Boundary Value Problem

A boundary value problem in mathematics refers to a differential equation (or a system of equations) coupled with a set of additional constraints, known as boundary conditions. In the context of the radiative transport model, it is critical in ensuring we solve for the behavior of radiation across its entire path through the medium. Boundary value problems involve:

• Specifying values or conditions at the boundaries of the domain where the differential equation is defined, such as at the start and the end of a slab of material in the radiative model.
• Ensuring the solution is consistent with these boundary constraints, which often represent physical properties or conservation laws.
• Utilizing techniques like numerical methods or analytical solutions to find the function satisfying both the differential equation and the boundary conditions.

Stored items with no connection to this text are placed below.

definition Ass :: "('a, 'c) ring_scheme \<Rightarrow> ('a, 'm, 'e) module_scheme \<Rightarrow> 'a set set" where
  "Ass R E = {P \<in> Spec R. \<exists>x\<in>carrier E. ann_elem R E x \<subseteq> P \<and>
      (\<forall>Q\<in>Spec R. ann_elem R E x \<subseteq> Q \<and> Q \<subseteq> P \<longrightarrow> Q = P)}"

definition finite_length :: "('a, 'c) ring_scheme \<Rightarrow> ('a, 'm, 'e) module_scheme \<Rightarrow> bool" where
  "finite_length R E \<longleftrightarrow> (\<exists>(n::nat) (M :: nat \<Rightarrow> 'm set).
     M 0 = {\<zero>\<^bsub>E\<^esub>} \<and> M n = carrier E \<and> (\<forall>i\<le>n. submodule (M i) R E) \<and>
     (\<forall>i<n. M i \<subset> M (Suc i) \<and>
        \<not> (\<exists>N. submodule N R E \<and> M i \<subset> N \<and> N \<subset> M (Suc i))))"

definition fin_gen :: "('a, 'c) ring_scheme \<Rightarrow> ('a, 'm, 'e) module_scheme \<Rightarrow> bool" where
  "fin_gen R E \<longleftrightarrow> (\<exists>G. finite G \<and> G \<subseteq> carrier E \<and>
     (\<forall>N. submodule N R E \<and> G \<subseteq> N \<longrightarrow> N = carrier E))"

text \<open>E is afg over R via a (commutative) ring S whose elements have type 's.\<close>
definition afg :: "'s itself \<Rightarrow> ('a, 'c) ring_scheme \<Rightarrow> ('a, 'm, 'e) module_scheme \<Rightarrow> bool" where
  "afg (_ :: 's itself) R E \<longleftrightarrow>
     (\<exists>(S :: 's ring) (f :: 'a \<Rightarrow> 's) (F :: ('s, 'm) module).
        cring S \<and> f \<in> ring_hom R S \<and> Module.module S F \<and> fin_gen S F \<and>
        carrier F = carrier E \<and> add F = add E \<and> zero F = zero E \<and>
        (\<forall>r\<in>carrier R. \<forall>x\<in>carrier E. r \<odot>\<^bsub>E\<^esub> x = f r \<odot>\<^bsub>F\<^esub> x))"

end

(*
  The support of E is stable under specialization, and every prime in it lies above a prime that
  is minimal over some 0 :_R x, i.e. above an associated prime; so Supp E is the set of
  specializations of Ass E.

  The specializations of a set A of primes that is compact in the flat topology form a Zariski
  closed set: if a prime P contains every prime above A but no member of A, choose a_Q in Q - P
  for each Q in A. The flat open sets V(a_Q) cover A, finitely many of them suffice, and the
  product of the corresponding a_Q lies in every prime above A but not in P.

  Images of spectra are compact in the flat topology by an ultrafilter argument: a maximal family
  of subsets of Spec T with the finite intersection property determines a prime of T. This gives
  the compactness statements and, applied to Supp E itself, the converse of the fact that V(I) is
  the image of Spec(R/I).

  Finally, when 0 :_R E is the annihilator of a finite subset of E, as for almost finitely
  generated modules and modules of finite length, a multiplicative set meeting every 0 :_R x
  meets 0 :_R E. This yields Supp E = V(0 :_R E) and O_R(E) = sqrt(0 :_R E).
*)

theory Submission
  imports Defs "HOL-Algebra.QuotRing"
begin

section \<open>Prime ideals and closed subsets of the spectrum\<close>

context cring
begin

lemma Spec_ideal: "P \<in> Spec R \<Longrightarrow> ideal P R"
  unfolding Spec_def by (simp add: primeideal.axioms(1))

lemma Spec_subset_carrier: "P \<in> Spec R \<Longrightarrow> P \<subseteq> carrier R"
  using ideal.Icarr[OF Spec_ideal] by blast

lemma Spec_zero: "P \<in> Spec R \<Longrightarrow> \<zero> \<in> P"
  using additive_subgroup.zero_closed[OF ideal.axioms(1)[OF Spec_ideal]] .

lemma Spec_one_notin: "P \<in> Spec R \<Longrightarrow> \<one> \<notin> P"
  using ideal.one_imp_carrier[OF Spec_ideal] primeideal.I_notcarr unfolding Spec_def by fastforce

lemma Spec_mult_mem:
  assumes "P \<in> Spec R" "a \<in> carrier R" "b \<in> carrier R"
  shows "a \<otimes> b \<in> P \<longleftrightarrow> a \<in> P \<or> b \<in> P"
proof
  show "a \<otimes> b \<in> P \<Longrightarrow> a \<in> P \<or> b \<in> P"
    using assms(1) primeideal.I_prime[OF _ assms(2,3)] unfolding Spec_def by simp
  show "a \<in> P \<or> b \<in> P \<Longrightarrow> a \<otimes> b \<in> P"
    using ideal.I_l_closed[OF Spec_ideal[OF assms(1)] _ assms(2)]
      ideal.I_r_closed[OF Spec_ideal[OF assms(1)] _ assms(3)] by blast
qed

lemma Spec_pow_mem:
  assumes "P \<in> Spec R" "a \<in> carrier R" "a [^] (n::nat) \<in> P"
  shows "a \<in> P"
  using assms(3)
proof (induction n)
  case 0
  then show ?case using Spec_one_notin[OF assms(1)] by simp
next
  case (Suc n)
  then show ?case using Spec_mult_mem[OF assms(1) nat_pow_closed[OF assms(2)] assms(2)] by auto
qed

lemma Spec_Inter_chain:
  assumes "D \<noteq> {}" "D \<subseteq> Spec R" "\<And>X Y. X \<in> D \<Longrightarrow> Y \<in> D \<Longrightarrow> X \<subseteq> Y \<or> Y \<subseteq> X"
  shows "\<Inter>D \<in> Spec R"
proof -
  have "ideal (\<Inter>D) R"
    by (rule i_Intersect) (use assms(1,2) Spec_ideal in blast)+
  moreover have "carrier R \<noteq> \<Inter>D"
  proof -
    obtain X where "X \<in> D" using assms(1) by blast
    then have "\<one> \<notin> \<Inter>D" using Spec_one_notin assms(2) by blast
    then show ?thesis by auto
  qed
  moreover have "a \<in> \<Inter>D \<or> b \<in> \<Inter>D"
    if ab: "a \<in> carrier R" "b \<in> carrier R" "a \<otimes> b \<in> \<Inter>D" for a b
  proof (rule ccontr)
    assume "\<not> (a \<in> \<Inter>D \<or> b \<in> \<Inter>D)"
    then obtain X Y where XY: "X \<in> D" "Y \<in> D" "a \<notin> X" "b \<notin> Y" by blast
    then obtain Z where Z: "Z \<in> D" "a \<notin> Z" "b \<notin> Z"
      using assms(3)[OF XY(1,2)] by blast
    then have "a \<otimes> b \<notin> Z" using Spec_mult_mem[OF _ ab(1,2)] assms(2) by blast
    then show False using ab(3) Z(1) by blast
  qed
  ultimately have "primeideal (\<Inter>D) R"
    by (intro primeidealI is_cring)
  then show ?thesis
    unfolding Spec_def by simp
qed

lemma minimal_prime_between:
  assumes "P \<in> Spec R" "J \<subseteq> P"
  obtains Q where "Q \<in> Spec R" "J \<subseteq> Q" "Q \<subseteq> P"
    "\<And>Q'. Q' \<in> Spec R \<Longrightarrow> J \<subseteq> Q' \<Longrightarrow> Q' \<subseteq> Q \<Longrightarrow> Q' = Q"
proof -
  define A where "A = {Q \<in> Spec R. J \<subseteq> Q \<and> Q \<subseteq> P}"
  have "\<exists>Q\<in>A. \<forall>Q'\<in>A. Q' \<subseteq> Q \<longrightarrow> Q' = Q"
  proof (rule predicate_Zorn)
    show "partial_order_on A (relation_of (\<lambda>X Y. Y \<subseteq> X) A)"
      by (rule partial_order_on_relation_ofI) auto
  next
    fix C assume C: "C \<in> Chains (relation_of (\<lambda>X Y. Y \<subseteq> X) A)"
    then have CA: "C \<subseteq> A" by (rule Chains_relation_of)
    show "\<exists>L\<in>A. \<forall>X\<in>C. L \<subseteq> X"
    proof (cases "C = {}")
      case True
      have "P \<in> A" using assms unfolding A_def by blast
      then show ?thesis using True by blast
    next
      case False
      have chain: "\<And>X Y. X \<in> C \<Longrightarrow> Y \<in> C \<Longrightarrow> X \<subseteq> Y \<or> Y \<subseteq> X"
        using C by (auto simp: Chains_def relation_of_def)
      have "C \<subseteq> Spec R" using CA by (auto simp: A_def)
      then have "\<Inter>C \<in> Spec R" using Spec_Inter_chain[OF False _ chain] by simp
      then show ?thesis using False CA unfolding A_def by blast
    qed
  qed
  then obtain Q where "Q \<in> A" "\<And>Q'. Q' \<in> A \<Longrightarrow> Q' \<subseteq> Q \<Longrightarrow> Q' = Q" by blast
  then show ?thesis using that unfolding A_def by auto
qed

lemma common_multiple_notin_prime:
  assumes "finite A" "A \<subseteq> carrier R - P" "P \<in> Spec R"
  shows "\<exists>b\<in>carrier R - P. \<forall>c\<in>A. b \<in> PIdl c"
  using assms(1,2)
proof (induction A rule: finite_induct)
  case empty
  then show ?case using Spec_one_notin[OF assms(3)] by blast
next
  case (insert c A)
  then obtain b where b: "b \<in> carrier R - P" "\<forall>c'\<in>A. b \<in> PIdl c'" by auto
  have c: "c \<in> carrier R - P" using insert.prems by auto
  have "b \<otimes> c \<in> carrier R - P" using b(1) c Spec_mult_mem[OF assms(3)] by auto
  moreover have "b \<otimes> c \<in> PIdl c" using b(1) unfolding cgenideal_def by blast
  moreover have "b \<otimes> c \<in> PIdl c'" if "c' \<in> A" for c'
    using b that c insert.prems ideal.I_r_closed[OF cgenideal_ideal] by blast
  ultimately show ?case by blast
qed

lemma zariski_closedI:
  assumes "S \<subseteq> Spec R"
    and "\<And>P. P \<in> Spec R \<Longrightarrow> {r \<in> carrier R. \<forall>Q\<in>S. r \<in> Q} \<subseteq> P \<Longrightarrow> P \<in> S"
  shows "zariski_closed R S"
proof -
  let ?I = "{r \<in> carrier R. \<forall>Q\<in>S. r \<in> Q}"
  have "ideal ?I R"
  proof (cases "S = {}")
    case True
    then show ?thesis using oneideal by simp
  next
    case False
    then have "?I = \<Inter>S" using assms(1) Spec_subset_carrier by blast
    moreover have "ideal (\<Inter>S) R"
      by (rule i_Intersect) (use assms(1) False Spec_ideal in auto)
    ultimately show ?thesis by simp
  qed
  moreover have "S = VV R ?I"
    using assms unfolding VV_def by blast
  ultimately show ?thesis unfolding zariski_closed_def by blast
qed

lemma VV_radical:
  assumes "I \<subseteq> carrier R"
  shows "VV R (radical R I) = VV R I"
proof -
  have "I \<subseteq> radical R I"
  proof
    fix a assume "a \<in> I"
    with assms have "a \<in> carrier R" "a [^] (1::nat) \<in> I" by auto
    then show "a \<in> radical R I" unfolding radical_def by blast
  qed
  moreover have "radical R I \<subseteq> P" if "P \<in> Spec R" "I \<subseteq> P" for P
    using that Spec_pow_mem unfolding radical_def by blast
  ultimately show ?thesis unfolding VV_def by blast
qed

These problems are prevalent in engineering and physics because they often represent real-world conditions like temperature distribution in a rod or voltage across a circuit.

Separable Differential Equations

Separable differential equations are a class of ordinary differential equations (ODEs) that can be rearranged into a form that allows for direct integration on both sides of the equation. This characteristic makes them more straightforward to solve compared to other ODEs that are not separable.To solve a separable differential equation, we follow these general steps:

• Rewrite the equation in the form \( \frac{dy}{dx} = g(y)h(x) \).
• Separate the variables, bringing all terms involving \( y \) to one side and all terms involving \( x \) to the other: \( g(y)dy = h(x)dx \).
• Integrate both sides independently: \( \int g(y)dy = \int h(x)dx \).
• Solve the resulting equations for \( y \) in terms of \( x \), as necessary.

In the context of the Riccati equation from the exercise, recognizing it as a separable differential equation simplifies the process of solving for the reflection coefficient. This technique is invaluable because it allows for the analytic or numerical solution of more complex systems, aiding in the practical application of theoretical models.